Last night I headed of with three of my best homies to tha House of Blues to see Circa Survive. Circa is a crazy awesome prog rock band with a singer whose voice is so high he makes Robert Plant and Geddy Lee look like that obnoxious country singer who sings Long Black Train. The show was brutally awesome.
It took us forever to find parking, because that's how the French Quarter is, and we ended up parking 10 or so blocks from the venue. On the way we saw not one, not two, but four groups of crazy hobo/crustpunk/hillbillies sitting on the sidewalk playing jangly tunes on broken down banjos and fiddles while they howled into the sticky southern night. I wanted to stop and watch a particularly large group of these vagrants, and maybe talk awhile about our mutual love for Hank Sr, but it wasn't really my friends' scene, so we endeavored to persevere. We got to the HoB right when the first of three opening bands* was playing their last song. The venue was packed, and we spent the rest of the song and most of the break after the band finished up getting closer to the stage. We got to with 10 or 12 feet of the stage, so we were sufficiently close to see the show.
The second opener, Code7 I think they were called, couldn't decide if they were hardcore or prog rock, which was pretty sweet. They were something like Pink Floyd's weirder stuff, only with more distortion and more noise in general, juxtaposed with something like this. The singer was acting like he was possessed, writhing around while screaming with his eyes rolling back in his head. It was a high energy set.

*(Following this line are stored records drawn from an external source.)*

(* Consider a human–algorithm system (as defined in the context) that exhibits fairness of benefit, i.e. $c(a_i,h_i)<h_i$ for every $i\in\{1,\dots,N\}$. Then the system does not exhibit complementarity.
   Context: A human–algorithm system consists of: an integer $N\ge1$ (number of regimes); probabilities $p_1,\dots,p_N\ge 0$ with $\sum_i p_i=1$; algorithmic losses $a_1,\dots,a_N\ge 0$ and unaided-human losses $h_1,\dots,h_N\ge0$; and a combining function $c:[0,\infty)^2\to\mathbb{R}$ satisfying $\min(a,h)\le c(a,h)\le\max(a,h)$ for all $a,h\ge0$, where $c(a_i,h_i)$ is the loss of the combined system in regime $i$. Write $A=\sum_i p_i a_i$ and $H=\sum_i p_i h_i$. The system exhibits complementarity if $\sum_{i=1}^N p_i\,c(a_i,h_i)<\min(A,H)$. *)

theory Defs
  imports Main Complex_Main
begin

definition combining_function :: "(real \<Rightarrow> real \<Rightarrow> real) \<Rightarrow> bool" where
  "combining_function c \<longleftrightarrow>
     (\<forall>a h. 0 \<le> a \<longrightarrow> 0 \<le> h \<longrightarrow> min a h \<le> c a h \<and> c a h \<le> max a h)"

definition ha_system :: "nat \<Rightarrow> (nat \<Rightarrow> real) \<Rightarrow> (nat \<Rightarrow> real) \<Rightarrow> (nat \<Rightarrow> real)
    \<Rightarrow> (real \<Rightarrow> real \<Rightarrow> real) \<Rightarrow> bool" where
  "ha_system N p a h c \<longleftrightarrow> N \<ge> 1 \<and>
     (\<forall>i\<in>{1..N}. 0 \<le> p i \<and> 0 \<le> a i \<and> 0 \<le> h i) \<and>
     (\<Sum>i=1..N. p i) = 1 \<and> combining_function c"

definition complementarity :: "nat \<Rightarrow> (nat \<Rightarrow> real) \<Rightarrow> (nat \<Rightarrow> real) \<Rightarrow> (nat \<Rightarrow> real)
    \<Rightarrow> (real \<Rightarrow> real \<Rightarrow> real) \<Rightarrow> bool" where
  "complementarity N p a h c \<longleftrightarrow>
     (\<Sum>i=1..N. p i * c (a i) (h i)) < min (\<Sum>i=1..N. p i * a i) (\<Sum>i=1..N. p i * h i)"

definition fairness_of_benefit :: "nat \<Rightarrow> (nat \<Rightarrow> real) \<Rightarrow> (nat \<Rightarrow> real)
    \<Rightarrow> (real \<Rightarrow> real \<Rightarrow> real) \<Rightarrow> bool" where
  "fairness_of_benefit N a h c \<longleftrightarrow> (\<forall>i\<in>{1..N}. c (a i) (h i) < h i)"

end

theory Submission
  imports Defs
begin

(* Since c(a,h) lies between a and h, the strict inequality c(a,h) < h forces c(a,h) >= a.
   Under fairness of benefit this holds in every regime, so averaging gives that the
   combined loss is at least the algorithmic loss A >= min(A,H). *)

lemma combining_function_ge_fst_if_lt_snd:
  assumes "combining_function c" and "0 \<le> a" and "0 \<le> h" and "c a h < h"
  shows "a \<le> c a h"
proof -
  have "min a h \<le> c a h" using assms(1-3) by (simp add: combining_function_def)
  with \<open>c a h < h\<close> show ?thesis by (simp add: min_def split: if_splits)
qed

lemma fairness_of_benefit_algorithmic_loss_le:
  assumes "ha_system N p a h c" and "fairness_of_benefit N a h c"
  shows "(\<Sum>i=1..N. p i * a i) \<le> (\<Sum>i=1..N. p i * c (a i) (h i))"
proof (rule sum_mono)
  fix i assume i: "i \<in> {1..N}"
  with assms(1) have "0 \<le> p i" "0 \<le> a i" "0 \<le> h i" "combining_function c"
    by (auto simp: ha_system_def)
  moreover from assms(2) i have "c (a i) (h i) < h i"
    by (simp add: fairness_of_benefit_def)
  ultimately show "p i * a i \<le> p i * c (a i) (h i)"
    by (simp add: mult_left_mono combining_function_ge_fst_if_lt_snd)
qed

theorem lemma8:
  fixes N :: nat and p a h :: "nat \<Rightarrow> real" and c :: "real \<Rightarrow> real \<Rightarrow> real"
  assumes "ha_system N p a h c"
    and "fairness_of_benefit N a h c"
  shows "\<not> complementarity N p a h c"
  using fairness_of_benefit_algorithmic_loss_le[OF assms]
  by (simp add: complementarity_def)

end
text \<open>Multiplying the two components by the integrating factors \<open>exp (\<mp>\<integral>\<lambda>)\<close> removes the
  diagonal part, so with \<open>\<phi> t = exp (- \<integral>\<^sub>0\<^sup>t Re \<lambda>) \<parallel>u t\<parallel>\<close> the first component of \<open>\<phi>\<close> is
  bounded by \<open>\<parallel>u 0\<parallel> + \<integral>\<^sub>0\<^sup>y \<parallel>R\<parallel> \<phi>\<close>. For the second component the integrating factor runs
  backwards, and the hypothesis \<open>\<integral>\<^sub>x\<^sup>y Re \<lambda> \<ge> -M\<close> costs a factor \<open>exp (2 M)\<close>. Hence
  \<open>\<phi> \<le> \<surd>(1 + exp (4 M)) (\<parallel>u 0\<parallel> + \<integral>\<parallel>R\<parallel> \<phi>)\<close>, and Gronwall's inequality finishes the proof.
  Solutions are only absolutely continuous, so the product rule and the chain rule for \<open>exp\<close>
  are proved directly for indefinite integrals.\<close>

lemma norm_increment_le_integral_if_local:
  fixes Q :: "real \<Rightarrow> 'a::real_normed_vector" and w :: "real \<Rightarrow> real"
  assumes ab: "a \<le> b" and w: "w integrable_on {a..b}" and d: "d > 0"
    and local: "\<And>s t. a \<le> s \<Longrightarrow> s \<le> t \<Longrightarrow> t \<le> b \<Longrightarrow> t - s < d
                  \<Longrightarrow> norm (Q t - Q s) \<le> c * integral {s..t} w"
  shows "norm (Q b - Q a) \<le> c * integral {a..b} w"
proof -
  obtain n :: nat where n: "(b - a) / d < real n"
    using reals_Archimedean2 by blast
  have "0 \<le> (b - a) / d" using ab d by simp
  with n have n_pos: "n > 0" by (intro gr0I) auto
  define x where "x i = a + real i * (b - a) / real n" for i :: nat
  have x_step: "x (Suc i) - x i < d" for i
  proof -
    have "x (Suc i) - x i = (b - a) / real n" using n_pos by (simp add: x_def field_simps)
    also have "\<dots> < d" using n n_pos d by (simp add: field_simps)
    finally show ?thesis .
  qed
  have x_ge: "a \<le> x i" for i using ab by (simp add: x_def)
  have x_mono: "x i \<le> x (Suc i)" for i using ab n_pos by (simp add: x_def field_simps)
  have x_le: "x i \<le> b" if "i \<le> n" for i
  proof -
    have "real i * (b - a) / real n \<le> real n * (b - a) / real n"
      using that ab by (intro divide_right_mono mult_right_mono) auto
    then show ?thesis using n_pos by (simp add: x_def)
  qed
  have "norm (Q (x i) - Q a) \<le> c * integral {a..x i} w" if "i \<le> n" for i
    using that
  proof (induction i)
    case 0
    then show ?case by (simp add: x_def)
  next
    case (Suc i)
    have "w integrable_on {a..x (Suc i)}"
      using integrable_subinterval_real[OF w] x_le[OF Suc.prems] by auto
    then have split: "integral {a..x i} w + integral {x i..x (Suc i)} w = integral {a..x (Suc i)} w"
      by (rule Henstock_Kurzweil_Integration.integral_combine[OF x_ge x_mono])
    have "norm (Q (x (Suc i)) - Q a) \<le> norm (Q (x (Suc i)) - Q (x i)) + norm (Q (x i) - Q a)"
      by (rule norm_diff_triangle_le[where y = "Q (x i)"]) auto
    also have "\<dots> \<le> c * integral {x i..x (Suc i)} w + c * integral {a..x i} w"
      using local[OF x_ge x_mono x_le[OF Suc.prems] x_step] Suc by auto
    also have "\<dots> = c * integral {a..x (Suc i)} w"
      using split by (metis add.commute distrib_left)
    finally show ?case .
  qed
  from this[of n] show ?thesis using n_pos by (simp add: x_def)
qed

lemma eq_if_increments_small:
  fixes Q :: "real \<Rightarrow> 'a::real_normed_vector" and w :: "real \<Rightarrow> real"
  assumes ab: "a \<le> b" and w: "w integrable_on {a..b}"
    and small: "\<And>e. e > 0 \<Longrightarrow> \<exists>d>0. \<forall>s t. a \<le> s \<longrightarrow> s \<le> t \<longrightarrow> t \<le> b \<longrightarrow> t - s < d
                  \<longrightarrow> norm (Q t - Q s) \<le> e * integral {s..t} w"
  shows "Q b = Q a"
proof -
  have bound: "norm (Q b - Q a) \<le> e * \<bar>integral {a..b} w\<bar>" if e: "e > 0" for e
  proof -
    obtain d where "d > 0" and "\<forall>s t. a \<le> s \<longrightarrow> s \<le> t \<longrightarrow> t \<le> b \<longrightarrow> t - s < d
                  \<longrightarrow> norm (Q t - Q s) \<le> e * integral {s..t} w"
      using small[OF e] by blast
    then have "norm (Q b - Q a) \<le> e * integral {a..b} w"
      by (intro norm_increment_le_integral_if_local[OF ab w]) auto
    also have "\<dots> \<le> e * \<bar>integral {a..b} w\<bar>" using e by (simp add: mult_left_mono)
    finally show ?thesis .
  qed
  have "norm (Q b - Q a) \<le> 0"
  proof (rule ccontr)
    define D where "D = norm (Q b - Q a)"
    assume "\<not> norm (Q b - Q a) \<le> 0"
    then have D: "D > 0" by (simp add: D_def)
    have "D \<le> D / (\<bar>integral {a..b} w\<bar> + 1) * \<bar>integral {a..b} w\<bar>"
      using bound[of "D / (\<bar>integral {a..b} w\<bar> + 1)"] D by (simp add: D_def add_pos_nonneg)
    also have "\<dots> < D" using D by (simp add: field_simps)
    finally show False by simp
  qed
  then show ?thesis by simp
qed

lemma norm_has_integral_le_integral:
  fixes f :: "'n::euclidean_space \<Rightarrow> 'a::banach"
  assumes f: "(f has_integral i) S" and w: "w integrable_on S"
    and le: "\<And>x. x \<in> S \<Longrightarrow> norm (f x) \<le> c * w x"
  shows "norm i \<le> c * integral S w"
proof -
  have "norm (integral S f) \<le> integral S (\<lambda>x. c * w x)"
    using f w le by (intro integral_norm_bound_integral integrable_on_mult_right) auto
  then show ?thesis using f by (simp add: integral_unique)
qed

lemma indefinite_integral_increment:
  fixes f F :: "real \<Rightarrow> 'a::euclidean_space"
  assumes f: "f integrable_on {a..b}"
    and F: "\<And>x. x \<in> {a..b} \<Longrightarrow> F x = F a + integral {a..x} f"
    and st: "a \<le> s" "s \<le> t" "t \<le> b"
  shows "F t - F s = integral {s..t} f"
proof -
  have "integral {a..s} f + integral {s..t} f = integral {a..t} f"
    by (rule Henstock_Kurzweil_Integration.integral_combine)
      (use st integrable_subinterval_real[OF f] in auto)
  then show ?thesis using F[of s] F[of t] st by (auto simp: algebra_simps)
qed

lemma continuous_on_indefinite_integral:
  fixes f F :: "real \<Rightarrow> 'a::euclidean_space"
  assumes f: "f integrable_on {a..b}"
    and F: "\<And>x. x \<in> {a..b} \<Longrightarrow> F x = F a + integral {a..x} f"
  shows "continuous_on {a..b} F"
proof -
  have "continuous_on {a..b} (\<lambda>x. F a + integral {a..x} f)"
    by (intro continuous_intros indefinite_integral_continuous_1 f)
  then show ?thesis by (rule continuous_on_eq) (metis F)
qed

lemma absolutely_integrable_continuous_mult:
  fixes f G :: "real \<Rightarrow> 'a::{real_normed_field,euclidean_space}"
  assumes G: "continuous_on {a..b} G" and f: "f absolutely_integrable_on {a..b}"
  shows "(\<lambda>t. G t * f t) absolutely_integrable_on {a..b}"
proof (rule absolutely_integrable_bounded_measurable_product[OF bilinear_times _ _ _ f])
  show "G \<in> borel_measurable (lebesgue_on {a..b})"
    by (rule continuous_imp_measurable_on_sets_lebesgue[OF G]) auto
  show "bounded (G ` {a..b})"
    by (rule compact_imp_bounded, rule compact_continuous_image[OF G]) auto
qed auto

lemma absolutely_integrable_mult_continuous:
  fixes f G :: "real \<Rightarrow> 'a::{real_normed_field,euclidean_space}"
  assumes f: "f absolutely_integrable_on {a..b}" and G: "continuous_on {a..b} G"
  shows "(\<lambda>t. f t * G t) absolutely_integrable_on {a..b}"
  using absolutely_integrable_continuous_mult[OF G f] by (simp add: mult.commute)
lemma cesaro_mean_perturbation_tendsto_0:
  fixes f :: "'a::real_normed_vector \<Rightarrow> 'b::real_normed_field"
  assumes "uniformly_continuous_on UNIV f" "bounded (range f)" "statistically_null b"
  shows "cesaro_mean (\<lambda>k. f (a k + b k) - f (a k)) \<longlonglongrightarrow> 0"
proof (rule LIMSEQ_I)
  fix r :: real assume r: "r > 0"
  obtain B where B: "B > 0" "\<And>x. norm (f x) \<le> B"
    using assms(2) unfolding bounded_pos by auto
  obtain d where d: "d > 0" "\<And>x y. dist y x < d \<Longrightarrow> dist (f y) (f x) < r/2"
    using assms(1) r unfolding uniformly_continuous_on_def by (metis UNIV_I half_gt_zero)
  define I where "I = cesaro_mean (\<lambda>k. if d \<le> norm (b k) then 1 else 0 :: real)"
  have "I \<longlonglongrightarrow> 0" using assms(3) d(1) unfolding I_def statistically_null_def by blast
  then have "eventually (\<lambda>n. I n < r / (4 * B)) sequentially"
    using r B(1) by (intro order_tendstoD(2)) auto
  then obtain N where N: "\<And>n. n \<ge> N \<Longrightarrow> I n < r / (4 * B)"
    unfolding eventually_sequentially by blast
  have pointwise: "norm (f (a k + b k) - f (a k)) \<le> r/2 + 2 * B * (if d \<le> norm (b k) then 1 else 0)"
    for k
    using B(2) d by (rule norm_diff_le_if_bounded_uniformly_close)
  have "norm (cesaro_mean (\<lambda>k. f (a k + b k) - f (a k)) n) < r" if n: "n \<ge> max N 1" for n
  proof -
    have "norm (cesaro_mean (\<lambda>k. f (a k + b k) - f (a k)) n)
          \<le> cesaro_mean (\<lambda>k. r/2 + 2 * B * (if d \<le> norm (b k) then 1 else 0)) n"
      by (rule norm_cesaro_mean_le[OF pointwise])
    also have "\<dots> = r/2 + 2 * B * I n"
      using n unfolding I_def by (intro cesaro_mean_affine) auto
    also have "\<dots> < r"
    proof -
      have "2 * B * I n < 2 * B * (r / (4 * B))"
        using N[of n] n B(1) by (intro mult_strict_left_mono) auto
      also have "\<dots> = r/2" using B(1) by simp
      finally show ?thesis by simp
    qed
    finally show ?thesis .
  qed
  then show "\<exists>no. \<forall>n\<ge>no. norm (cesaro_mean (\<lambda>k. f (a k + b k) - f (a k)) n - 0) < r"
    by (intro exI[of _ "max N 1"]) auto
qed
theorem lemma2p2:
  fixes u :: nat and b :: int
  assumes "u \<ge> 1" and "b \<ge> 8 * int u + 24"
  shows "\<exists>\<AA> :: (int^3^3) set. finite \<AA> \<and> card \<AA> = u \<and>
    (\<Sum>A\<in>\<AA>. abs_entries A) =
      mset_set (ivl_step 9 (2 * int u + 7) 2 \<union> ivl_step 10 (4 * int u + 6) 4
        \<union> ivl_step (2 * int u + 17) (6 * int u + 15) 2 \<union> ivl_step (6 * int u + 25) (8 * int u + 23) 2
        \<union> ivl b (b + int u - 1) \<union> ivl (b + int u + 8) (b + 2 * int u + 7)
        \<union> ivl (b + 5 * int u + 16) (b + 6 * int u + 15) \<union> ivl (b + 8 * int u + 32) (b + 9 * int u + 31)) \<and>
    (\<forall>A\<in>\<AA>. row_sums_zero A \<and> col_sums_zero A)"
proof -
  let ?\<AA> = "zero_sum_matrix (int u) b ` {0..<int u}"
  have "(\<Sum>A\<in>?\<AA>. abs_entries A) = (\<Sum>m\<in>{0..<int u}. abs_entries (zero_sum_matrix (int u) b m))"
    by (simp add: sum.reindex inj_on_zero_sum_matrix)
  also have "\<dots> = entry_blocks (int u) b"
    using assms(2) by (intro sum_abs_entries_zero_sum_matrix) simp
  finally show ?thesis
    using assms(2) mset_set_target_eq_entry_blocks[of "int u" b] zero_sum_matrix_line_sums
    by (intro exI[of _ ?\<AA>]) (auto simp: card_image inj_on_zero_sum_matrix)
qed

end
lemma hereditary_discrepancy_slack_weight:
  fixes a :: "nat \<times> nat \<Rightarrow> 'a \<Rightarrow> real" and n :: nat
  assumes K: "finite K" "card K \<le> 16 * n" and J: "finite J" "card J \<le> n"
    and a: "\<forall>c\<in>K \<times> {..<L}. \<forall>j\<in>J. \<bar>a c j\<bar> \<le> 1" and "U \<subseteq> J"
  shows "\<exists>x\<in>sign_vectors U. \<forall>c\<in>K \<times> {..<L}. \<bar>\<Sum>j\<in>U. a c j * x j\<bar> \<le> 30 * slack_weight c * sqrt n + 100"
proof -
  have "\<exists>x\<in>sign_vectors U. \<forall>c\<in>K \<times> {..<L}.
          \<bar>\<Sum>j\<in>U. a c j * x j\<bar> \<le> slack_weight c * (5 * sqrt n) * (5/6) ^ 0 / (1 - 5/6) + 100"
  proof (rule colouring_from_partial_colourings[where N = "real n"])
    fix W r
    assume "W \<subseteq> J" "finite W" "100 \<le> real (card W)"
      "real n * (2/3) ^ Suc r < real (card W)" "real (card W) \<le> real n * (2/3) ^ r"
    thus "\<exists>z\<in>PiE W (\<lambda>_. {-1, 0, 1}). card W \<le> 3 * card {j\<in>W. z j \<noteq> 0} \<and>
           (\<forall>c\<in>K \<times> {..<L}. \<bar>\<Sum>j\<in>W. a c j * z j\<bar> \<le> slack_weight c * (5 * sqrt n) * (5/6) ^ r)"
      using a by (intro partial_colouring_slack_weight K) auto
  next
    show "real (card U) \<le> real n * (2/3) ^ 0"
      using card_mono[OF J(1) \<open>U \<subseteq> J\<close>] J(2) by simp
  qed (use a \<open>U \<subseteq> J\<close> J(1) in \<open>auto simp: slack_weight_def intro: finite_subset\<close>)
  thus ?thesis
    by (simp add: mult_ac)
qed

lemma exists_signs_uniformly_close:
  fixes a :: "nat \<times> nat \<Rightarrow> 'a \<Rightarrow> real" and e :: "'a \<Rightarrow> real" and n :: nat
  assumes n: "n \<ge> 1681" and K: "finite K" "card K \<le> 16 * n" and J: "finite J" "card J \<le> n"
    and a: "\<forall>k\<in>K. \<forall>l. \<forall>j\<in>J. \<bar>a (k, l) j\<bar> \<le> 1" and e: "\<forall>j\<in>J. \<bar>e j\<bar> \<le> 1"
  shows "\<exists>\<epsilon>. (\<forall>j\<in>J. \<epsilon> j \<in> {-1, 1}) \<and>
           (\<forall>k\<in>K. \<forall>l. \<bar>\<Sum>j\<in>J. (\<epsilon> j - e j) * a (k, l) j\<bar> \<le> (65 + 2 * real l) * sqrt n)"
proof -
  define L where "L = nat \<lceil>sqrt n\<rceil>"
  have a': "\<forall>c\<in>K \<times> {..<L}. \<forall>j\<in>J. \<bar>a c j\<bar> \<le> 1"
    using a by auto
  obtain \<epsilon> where \<epsilon>: "\<forall>j\<in>J. \<epsilon> j \<in> {-1, 1}"
    and disc: "\<forall>c\<in>K \<times> {..<L}. \<bar>\<Sum>j\<in>J. (\<epsilon> j - e j) * a c j\<bar> \<le> 2 * (30 * slack_weight c * sqrt n + 100) + 1"
    using linear_discrepancy_le[OF J(1) hereditary_discrepancy_slack_weight[OF K J a'] a' e, of 1] by auto
  have "\<bar>\<Sum>j\<in>J. (\<epsilon> j - e j) * a (k, l) j\<bar> \<le> (65 + 2 * real l) * sqrt n" if "k \<in> K" for k l
  proof (cases "l < L")
    case True
    have "41 \<le> sqrt n"
      using n real_sqrt_le_mono[of 1681 n] by simp
    have "\<bar>\<Sum>j\<in>J. (\<epsilon> j - e j) * a (k, l) j\<bar> \<le> 2 * (30 * slack_weight (k, l) * sqrt n + 100) + 1"
      using disc True that by simp
    also have "\<dots> = 60 * sqrt n + 15/8 * (real l * sqrt n) + 201"
      by (simp add: slack_weight_def algebra_simps)
    also have "\<dots> \<le> 65 * sqrt n + 2 * (real l * sqrt n)"
      using \<open>41 \<le> sqrt n\<close> mult_nonneg_nonneg[of "real l" "sqrt n"] by linarith
    also have "\<dots> = (65 + 2 * real l) * sqrt n"
      by (simp add: algebra_simps)
    finally show ?thesis .
  next
    case False
    have "\<bar>\<epsilon> j - e j\<bar> \<le> 2" if "j \<in> J" for j
      using \<epsilon> e that abs_triangle_ineq4[of "\<epsilon> j" "e j"] by fastforce
    hence "\<bar>\<Sum>j\<in>J. (\<epsilon> j - e j) * a (k, l) j\<bar> \<le> real (card J) * 2"
      using a that by (intro abs_sum_mult_le) auto
    also have "\<dots> \<le> 2 * sqrt n * sqrt n"
      using J(2) by simp
    also have "\<dots> \<le> (65 + 2 * real l) * sqrt n"
    proof -
      have "sqrt n \<le> real l"
        using False unfolding L_def by linarith
      thus ?thesis
        by (intro mult_right_mono) auto
    qed
    finally show ?thesis .
  qed
  thus ?thesis
    using \<epsilon> by blast
qed

section \<open>Trigonometric sums\<close>

lemma higher_deriv_sin_sum:
  assumes "finite S"
  shows "(deriv ^^ l) (\<lambda>\<theta>. \<Sum>j\<in>S. c j * sin (real j * \<theta>)) =
         (\<lambda>\<theta>. \<Sum>j\<in>S. c j * real j ^ l * sin (real j * \<theta> + real l * pi / 2))"
proof (induction l)
  case 0
  show ?case by simp
next
  case (Suc l)
  have "(deriv ^^ Suc l) (\<lambda>\<theta>. \<Sum>j\<in>S. c j * sin (real j * \<theta>)) =
        deriv (\<lambda>\<theta>. \<Sum>j\<in>S. c j * real j ^ l * sin (real j * \<theta> + real l * pi / 2))"
    using Suc.IH by simp
  also have "\<dots> = (\<lambda>\<theta>. \<Sum>j\<in>S. c j * real j ^ Suc l * sin (real j * \<theta> + real (Suc l) * pi / 2))"
  proof
    fix \<theta> :: real
    have "((\<lambda>\<theta>. \<Sum>j\<in>S. c j * real j ^ l * sin (real j * \<theta> + real l * pi / 2)) has_real_derivative
           (\<Sum>j\<in>S. c j * real j ^ l * (cos (real j * \<theta> + real l * pi / 2) * (real j * 1 + 0)))) (at \<theta>)"
      by (auto intro!: derivative_eq_intros sum.cong simp: mult_ac)
    hence "deriv (\<lambda>\<theta>. \<Sum>j\<in>S. c j * real j ^ l * sin (real j * \<theta> + real l * pi / 2)) \<theta> =
           (\<Sum>j\<in>S. c j * real j ^ l * (cos (real j * \<theta> + real l * pi / 2) * (real j * 1 + 0)))"
      by (rule DERIV_imp_deriv)
    also have "\<dots> = (\<Sum>j\<in>S. c j * real j ^ Suc l * sin (real j * \<theta> + real (Suc l) * pi / 2))"
    proof (intro sum.cong refl)
      fix j
      have "sin (real j * \<theta> + real (Suc l) * pi / 2) = sin ((real j * \<theta> + real l * pi / 2) + pi / 2)"
        by (simp add: algebra_simps add_divide_distrib)
      also have "\<dots> = cos (real j * \<theta> + real l * pi / 2)" by (simp add: sin_add)
      finally show "c j * real j ^ l * (cos (real j * \<theta> + real l * pi / 2) * (real j * 1 + 0)) =
            c j * real j ^ Suc l * sin (real j * \<theta> + real (Suc l) * pi / 2)" by simp
    qed
    finally show "deriv (\<lambda>\<theta>. \<Sum>j\<in>S. c j * real j ^ l * sin (real j * \<theta> + real l * pi / 2)) \<theta> =
           (\<Sum>j\<in>S. c j * real j ^ Suc l * sin (real j * \<theta> + real (Suc l) * pi / 2))" .
  qed
  finally show ?case .
qed

definition sample_point :: "nat \<Rightarrow> nat \<Rightarrow> real" where
  "sample_point n k = (2 * real k - 1) * pi / (4 * (16 * real n))"

(* The l-th derivative of sin (j theta) is j^l sin (j theta + l pi / 2); dividing by (2n)^l
   puts the coefficients in [-1, 1] for j <= 2n. *)
definition sin_coeff :: "nat \<Rightarrow> nat \<times> nat \<Rightarrow> nat \<Rightarrow> real" where
  "sin_coeff n c j = (real j / (2 * real n)) ^ snd c * sin (real j * sample_point n (fst c) + real (snd c) * pi / 2)"

lemma abs_sin_coeff_le:
  assumes "j \<le> 2 * n"
  shows "\<bar>sin_coeff n c j\<bar> \<le> 1"
proof -
  have "(real j / (2 * real n)) ^ snd c \<le> 1"
    using assms by (intro power_le_one) (cases "n = 0"; simp add: field_simps)+
  thus ?thesis
    unfolding sin_coeff_def abs_mult using abs_sin_le_one
    by (intro mult_le_one) auto
qed

lemma finite_So: "finite (So n)"
  by (simp add: So_def)

lemma card_So_le: "card (So n) \<le> n"
proof -
  have "inj_on (\<lambda>j. j div 2) (So n)"
    by (auto simp: inj_on_def So_def elim!: oddE)
  moreover have "(\<lambda>j. j div 2) ` So n \<subseteq> {..<n}"
    by (auto simp: So_def)
  ultimately show ?thesis
    using card_inj_on_le[of "\<lambda>j. j div 2" "So n" "{..<n}"] by simp
qed
(* For a barcode $f$ and any integer $p \ge 1$, $B(f^{\wedge p})$ and $D(f^{\wedge p})$ can be obtained from $C^{\wedge}(f)$: if $f, f'$ are barcodes with $C^{\wedge}(f) = C^{\wedge}(f')$, then $B(f^{\wedge p}) = B(f'^{\wedge p})$ and $D(f^{\wedge p}) = D(f'^{\wedge p})$ for all $p \ge 1$.
   Context: A barcode is a finite formal sum $f = \sum_{i=1}^n x^{\alpha_i}y^{\ell_i}$ with $n\ge0$, $\alpha_i \in \mathbb{R}$, $\ell_i \in \mathbb{R}_{>0}$ (a finite multiset of bars). Its $p$-th exterior power ($p\ge1$) is $f^{\wedge p} = \sum_{1\le i_1<\cdots<i_p\le n} x^{\alpha_{i_1}+\cdots+\alpha_{i_p}}y^{\min\{\ell_{i_1},\ldots,\ell_{i_p}\}}$ (zero if $p>n$). The birth series is $B(f) = \sum_i x^{\alpha_i}$, the death series $D(f) = \sum_i x^{\alpha_i+\ell_i}$, the critical series $C(f) = B(f) - D(f)$ (finite integer combinations of symbols $x^g$, $g\in\mathbb{R}$), and $C^{\wedge}(f) = \sum_{p\ge1} C(f^{\wedge p})z^p$ with $z$ an indeterminate. *)

theory Defs
  imports Complex_Main "HOL-Library.Multiset"
begin

text \<open>A bar x^alpha y^l is the pair (alpha, l). A barcode is a finite list of bars
  (an enumeration of the multiset of bars) with all lengths positive.\<close>
type_synonym bar = "real \<times> real"

definition is_barcode :: "bar list \<Rightarrow> bool" where
  "is_barcode f \<longleftrightarrow> (\<forall>b\<in>set f. snd b > 0)"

The next band was called Dredg (pronounced Dredge), and they were really cool. Much more mellow than Code7. Rushesque. After Dredg is when things got awesome. It didn't take the crew too long to set up Circa's Stuff, and when the band took the stage the crowd went nuts. When Anthony Green, the singer, took the stage the crowd blew up. He's one of those singers with fans who absolutely love him. One girl kept screaming "I love you Anthony" every time it was quiet enough for her to be heard, which wasn't often, because once they started playing they kept up a steady stream of awesome until well past midnight. It was a great show: everyone sang along to every song, there were huge banks of lights, a gigantic (the size of the entire back wall) poster of the cover art to Circa's latest album, confetti cannons that went off at various sFz type moments, and huge (3 feet across) balloons filled with colored lights bouncing around the crowd. During the encore they threw even bigger balloons (6 feet across) into the crowd, although they weren't filled with lights.
Overall, one of the better Tuesday nights I've had lately.
*This particular opening band was two dudes slamming on 8 string guitars, which are almost like a guitar and a bass smashed together, and a drummer. All I can say about them is that they were loud. Very very loud.